--- Data to examine Enclosed Below ---

definition tangent_cone :: "'a::real_normed_vector set \<Rightarrow> 'a \<Rightarrow> 'a set" where
  "tangent_cone X x = closure {c *\<^sub>R (y - x) | c y. c > 0 \<and> y \<in> X}"

definition proj_tc :: "'a::real_normed_vector set \<Rightarrow> 'a \<Rightarrow> 'a \<Rightarrow> 'a" where
  "proj_tc X x v = (SOME y. y \<in> tangent_cone X x \<and>
      (\<forall>z \<in> tangent_cone X x. (norm (y - v))\<^sup>2 \<le> (norm (z - v))\<^sup>2))"

definition abs_continuous_on :: "real \<Rightarrow> real \<Rightarrow> (real \<Rightarrow> 'a::real_normed_vector) \<Rightarrow> bool" where
  "abs_continuous_on a b f \<longleftrightarrow>
     (\<forall>\<epsilon>>0. \<exists>\<delta>>0. \<forall>(m::nat) (l::nat \<Rightarrow> real) (r::nat \<Rightarrow> real).
        (\<forall>k<m. a \<le> l k \<and> l k \<le> r k \<and> r k \<le> b) \<and>
        (\<forall>i<m. \<forall>j<m. i \<noteq> j \<longrightarrow> r i \<le> l j \<or> r j \<le> l i) \<and>
        (\<Sum>k<m. r k - l k) < \<delta>
        \<longrightarrow> (\<Sum>k<m. norm (f (r k) - f (l k))) < \<epsilon>)"

definition box_set :: "real^'n^'n \<Rightarrow> (real^'n) set" where
  "box_set D = {x. \<forall>i. 0 \<le> (D *v x)$i \<and> (D *v x)$i \<le> 1}"

definition pds_solution :: "(real^'n) set \<Rightarrow> real^'n^'n \<Rightarrow> real^'n \<Rightarrow> (real \<Rightarrow> real^'n) \<Rightarrow> bool" where
  "pds_solution X A u x \<longleftrightarrow>
     (\<forall>t\<ge>0. x t \<in> X) \<and>
     (\<forall>T\<ge>0. abs_continuous_on 0 T x) \<and>
     (AE t in lborel. t \<ge> 0 \<longrightarrow>
        (x has_vector_derivative proj_tc X (x t) (A *v x t + u)) (at t within {0..}))"

end

theory Submission
  imports Defs
begin

text \<open>
  The state space is the box \<open>[0, D\<^sup>-\<^sup>1 1]\<close>. Its tangent cones are products of half-lines, so
  the projection \<open>\<Pi>\<close> acts coordinatewise as a clamp. An equilibrium exists by Brouwer's theorem
  applied to the clamped Euler step \<open>y \<mapsto> max 0 (min hi (y + A y + u))\<close>.

  At an equilibrium \<open>x\<^sup>*\<close> every coordinate satisfies the normal-cone inequality
  \<open>(z - x\<^sup>*)\<^sub>i (A x\<^sup>* + u)\<^sub>i \<le> 0\<close>, and the clamp satisfies \<open>(x - x\<^sup>*)\<^sub>i (\<Pi>(x,v) - v)\<^sub>i \<le> 0\<close>.
  Weighting by the diagonal \<open>\<Lambda>\<close> and summing gives
  \<open>(x - x\<^sup>*)\<^sup>T \<Lambda> \<Pi>(x, A x + u) \<le> (x - x\<^sup>*)\<^sup>T \<Lambda> A (x - x\<^sup>*) \<le> -c/2 |x - x\<^sup>*|\<^sup>2\<close>, where
  \<open>y\<^sup>T (A\<^sup>T \<Lambda> + \<Lambda> A) y \<le> -c |y|\<^sup>2\<close>. This forces uniqueness, and along a solution
  \<open>V = \<parallel>x - x\<^sup>*\<parallel>\<^sub>\<Lambda>\<^sup>2\<close> satisfies \<open>V' \<le> -2 \<mu> V\<close> almost everywhere.

  Solutions are only absolutely continuous, so the Gronwall step needs that an absolutely
  continuous function with almost everywhere nonpositive derivative is nonincreasing. This is
  proved with a gauge argument: tags in the exceptional null set get intervals inside an open set
  of small measure, and tags outside it get intervals on which the derivative is accurate.
\<close>

section \<open>Quadratic forms\<close>

lemma pos_diag_mult_vec:
  assumes "pos_diag M"
  shows "(M *v x) $ i = M$i$i * x$i"
proof -
  have "(M *v x) $ i = (\<Sum>j\<in>UNIV. M$i$j * x$j)"
    by (simp add: matrix_vector_mult_def)
  also have "\<dots> = (\<Sum>j\<in>UNIV. if j = i then M$i$i * x$i else 0)"
    using assms unfolding pos_diag_def by (intro sum.cong) auto
  finally show ?thesis by simp
qed

lemma pos_diag_inner:
  assumes "pos_diag L"
  shows "y \<bullet> (L *v z) = (\<Sum>i\<in>UNIV. L$i$i * y$i * z$i)"
  by (simp add: inner_vec_def pos_diag_mult_vec[OF assms] mult_ac)

lemma pos_diag_transpose:
  assumes "pos_diag L"
  shows "transpose L = L"
  using assms unfolding pos_diag_def transpose_def vec_eq_iff by (metis vec_lambda_beta)

lemma neg_definite_quadratic_bound:
  fixes M :: "real^'n^'n"
  assumes "neg_definite M"
  obtains c where "c > 0" and "\<And>y. y \<bullet> (M *v y) \<le> - c * (norm y)\<^sup>2"
proof -
  let ?q = "\<lambda>y. y \<bullet> (M *v y)"
  obtain y1 :: "real^'n" where "norm y1 = 1"
    using vector_choose_size[of 1] by auto
  then have "sphere (0::real^'n) 1 \<noteq> {}"
    by auto
  \<comment> \<open>The maximum of the form on the unit sphere is negative; homogeneity does the rest.\<close>
  then obtain y0 where y0: "y0 \<in> sphere 0 1" "\<And>y. y \<in> sphere 0 1 \<Longrightarrow> ?q y \<le> ?q y0"
    using continuous_attains_sup[OF compact_sphere _ continuous_on_inner[OF continuous_on_id]]
    by (metis continuous_on_id matrix_vector_mult_linear_continuous_on)
  have "y0 \<noteq> 0"
    using y0(1) by auto
  then have "?q y0 < 0"
    using assms by (simp add: neg_definite_def)
  then show thesis
  proof (rule that[of "- ?q y0", OF neg_0_less_iff_less[THEN iffD2]])
    fix y :: "real^'n"
    show "?q y \<le> - (- ?q y0) * (norm y)\<^sup>2"
    proof (cases "y = 0")
      case False
      then have "(1 / norm y) *\<^sub>R y \<in> sphere 0 1"
        by simp
      from y0(2)[OF this] have "?q y / (norm y)\<^sup>2 \<le> ?q y0"
        by (simp add: matrix_vector_mult_scaleR power2_eq_square field_simps)
      with False show ?thesis
        by (simp add: divide_le_eq mult.commute)
    qed simp
  qed
qed

lemma matrix_bilinear_bound:
  fixes L :: "real^'n^'n"
  obtains K where "K > 0" and "\<And>y z. \<bar>y \<bullet> (L *v z)\<bar> \<le> K * norm y * norm z"
proof -
  obtain K where K: "K > 0" "\<And>z. norm (L *v z) \<le> norm z * K"
    using bounded_linear.pos_bounded[OF matrix_vector_mul_bounded_linear[of L]] by blast
  have "\<bar>y \<bullet> (L *v z)\<bar> \<le> K * norm y * norm z" for y z
    using Cauchy_Schwarz_ineq2[of y "L *v z"] mult_left_mono[OF K(2)[of z] norm_ge_zero[of y]]
    by (simp add: mult_ac)
  with K(1) show thesis
    by (rule that)
qed

lemma inner_lyapunov_matrix:
  fixes A L :: "real^'n^'n"
  assumes "transpose L = L"
  shows "e \<bullet> ((transpose A ** L + L ** A) *v e) = 2 * (e \<bullet> (L *v (A *v e)))"
proof -
  have "e \<bullet> (transpose A *v (L *v e)) = (A *v e) \<bullet> (L *v e)"
    by (metis dot_lmul_matrix inner_commute vector_transpose_matrix)
  also have "\<dots> = e \<bullet> (L *v (A *v e))"
    by (metis assms dot_lmul_matrix inner_commute vector_transpose_matrix)
  finally show ?thesis
    by (simp add: matrix_vector_mult_add_rdistrib matrix_vector_mul_assoc[symmetric] inner_add_right)
qed

lemma has_real_derivative_quadratic_form:
  fixes y :: "real \<Rightarrow> real^'n" and L :: "real^'n^'n"
  assumes "(y has_vector_derivative p) (at s within S)" and "transpose L = L"
  shows "((\<lambda>s. y s \<bullet> (L *v y s)) has_real_derivative 2 * (y s \<bullet> (L *v p))) (at s within S)"
proof -
  have "((\<lambda>s. L *v y s) has_vector_derivative L *v p) (at s within S)"
    by (rule bounded_linear.has_vector_derivative[OF matrix_vector_mul_bounded_linear assms(1)])
  from bounded_bilinear.has_vector_derivative[OF bounded_bilinear_inner assms(1) this]
  have "((\<lambda>s. y s \<bullet> (L *v y s)) has_real_derivative p \<bullet> (L *v y s) + y s \<bullet> (L *v p)) (at s within S)"
    by (simp add: has_real_derivative_iff_has_vector_derivative add.commute)
  moreover have "p \<bullet> (L *v y s) = y s \<bullet> (L *v p)"
    by (metis assms(2) dot_lmul_matrix inner_commute vector_transpose_matrix)
  ultimately show ?thesis
    by simp
qed

lemma quadratic_form_lipschitz_on_bounded:
  fixes L :: "real^'n^'n"
  assumes "bounded S"
  obtains K where "K > 0"
    and "\<And>y z. y \<in> S \<Longrightarrow> z \<in> S \<Longrightarrow> \<bar>(y - c) \<bullet> (L *v (y - c)) - (z - c) \<bullet> (L *v (z - c))\<bar> \<le> K * norm (y - z)"
proof -
  obtain KL where KL: "KL > 0" "\<And>y z. \<bar>y \<bullet> (L *v z)\<bar> \<le> KL * norm y * norm z"
    using matrix_bilinear_bound by blast
  obtain R where R: "R > 0" "\<And>y. y \<in> S \<Longrightarrow> norm (y - c) \<le> R"
    using bounded_pos[THEN iffD1, OF bounded_translation[OF assms, of "- c"]] by force
  show thesis
  proof (rule that[of "2 * KL * R"])
    show "0 < 2 * KL * R"
      using KL(1) R(1) by simp
    fix y z assume "y \<in> S" "z \<in> S"
    have "(y - c) \<bullet> (L *v (y - c)) - (z - c) \<bullet> (L *v (z - c))
        = (y - z) \<bullet> (L *v (y - c)) + (z - c) \<bullet> (L *v (y - z))"
      by (simp add: matrix_vector_mult_diff_distrib inner_diff_left inner_diff_right)
    also have "\<bar>\<dots>\<bar> \<le> KL * norm (y - z) * norm (y - c) + KL * norm (z - c) * norm (y - z)"
      using KL(2) by (intro abs_triangle_ineq[THEN order_trans] add_mono)
    also have "\<dots> \<le> KL * norm (y - z) * R + KL * R * norm (y - z)"
      using KL(1) R(2)[OF \<open>y \<in> S\<close>] R(2)[OF \<open>z \<in> S\<close>]
      by (intro add_mono mult_left_mono mult_right_mono) auto
    finally show "\<bar>(y - c) \<bullet> (L *v (y - c)) - (z - c) \<bullet> (L *v (z - c))\<bar> \<le> 2 * KL * R * norm (y - z)"
      by (simp add: algebra_simps)
  qed
qed

section \<open>Tangent cones and projections on a box\<close>

lemma box_set_eq_cbox:
  assumes "pos_diag D"
  shows "box_set D = cbox 0 (\<chi> i. 1 / D$i$i)"
proof -
  have "0 \<le> d * y \<and> d * y \<le> 1 \<longleftrightarrow> 0 \<le> y \<and> y \<le> 1 / d" if "0 < d" for d y :: real
    using that by (auto simp: zero_le_mult_iff le_divide_eq mult.commute)
  moreover have "0 < D$i$i" for i
    using assms by (simp add: pos_diag_def)
  ultimately show ?thesis
    by (simp add: box_set_def mem_box_cart pos_diag_mult_vec[OF assms] set_eq_iff)
qed

definition box_tangent_cone :: "real^'n \<Rightarrow> real^'n \<Rightarrow> real^'n \<Rightarrow> (real^'n) set" where
  "box_tangent_cone lo hi x = {z. \<forall>i. (x$i = lo$i \<longrightarrow> 0 \<le> z$i) \<and> (x$i = hi$i \<longrightarrow> z$i \<le> 0)}"

lemma closed_box_tangent_cone: "closed (box_tangent_cone lo hi x)"
proof -
  have "box_tangent_cone lo hi x =
      (\<Inter>i. {z. x$i = lo$i \<longrightarrow> 0 \<le> z$i} \<inter> {z. x$i = hi$i \<longrightarrow> z$i \<le> 0})"
    by (auto simp: box_tangent_cone_def)
  moreover have "closed {z::real^'n. P \<longrightarrow> 0 \<le> z$i}" "closed {z::real^'n. P \<longrightarrow> z$i \<le> 0}" for P i
    by (cases P; simp add: closed_halfspace_component_le_cart closed_halfspace_component_ge_cart)+
  ultimately show ?thesis by (auto intro!: closed_INT closed_Int)
qed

--- End of Enclosed Data to examine ---

_Problem requirements_
What are the lines above, starting at the one with "(\<forall>k<m. a \<le>" and ending at the one with "along a solution"? Give them again exactly, and only them.

_Solution to this problem_
        (\<forall>k<m. a \<le> l k \<and> l k \<le> r k \<and> r k \<le> b) \<and>
        (\<forall>i<m. \<forall>j<m. i \<noteq> j \<longrightarrow> r i \<le> l j \<or> r j \<le> l i) \<and>
        (\<Sum>k<m. r k - l k) < \<delta>
        \<longrightarrow> (\<Sum>k<m. norm (f (r k) - f (l k))) < \<epsilon>)"

definition box_set :: "real^'n^'n \<Rightarrow> (real^'n) set" where
  "box_set D = {x. \<forall>i. 0 \<le> (D *v x)$i \<and> (D *v x)$i \<le> 1}"

definition pds_solution :: "(real^'n) set \<Rightarrow> real^'n^'n \<Rightarrow> real^'n \<Rightarrow> (real \<Rightarrow> real^'n) \<Rightarrow> bool" where
  "pds_solution X A u x \<longleftrightarrow>
     (\<forall>t\<ge>0. x t \<in> X) \<and>
     (\<forall>T\<ge>0. abs_continuous_on 0 T x) \<and>
     (AE t in lborel. t \<ge> 0 \<longrightarrow>
        (x has_vector_derivative proj_tc X (x t) (A *v x t + u)) (at t within {0..}))"

end

theory Submission
  imports Defs
begin

text \<open>
  The state space is the box \<open>[0, D\<^sup>-\<^sup>1 1]\<close>. Its tangent cones are products of half-lines, so
  the projection \<open>\<Pi>\<close> acts coordinatewise as a clamp. An equilibrium exists by Brouwer's theorem
  applied to the clamped Euler step \<open>y \<mapsto> max 0 (min hi (y + A y + u))\<close>.

  At an equilibrium \<open>x\<^sup>*\<close> every coordinate satisfies the normal-cone inequality
  \<open>(z - x\<^sup>*)\<^sub>i (A x\<^sup>* + u)\<^sub>i \<le> 0\<close>, and the clamp satisfies \<open>(x - x\<^sup>*)\<^sub>i (\<Pi>(x,v) - v)\<^sub>i \<le> 0\<close>.
  Weighting by the diagonal \<open>\<Lambda>\<close> and summing gives
  \<open>(x - x\<^sup>*)\<^sup>T \<Lambda> \<Pi>(x, A x + u) \<le> (x - x\<^sup>*)\<^sup>T \<Lambda> A (x - x\<^sup>*) \<le> -c/2 |x - x\<^sup>*|\<^sup>2\<close>, where
  \<open>y\<^sup>T (A\<^sup>T \<Lambda> + \<Lambda> A) y \<le> -c |y|\<^sup>2\<close>. This forces uniqueness, and along a solution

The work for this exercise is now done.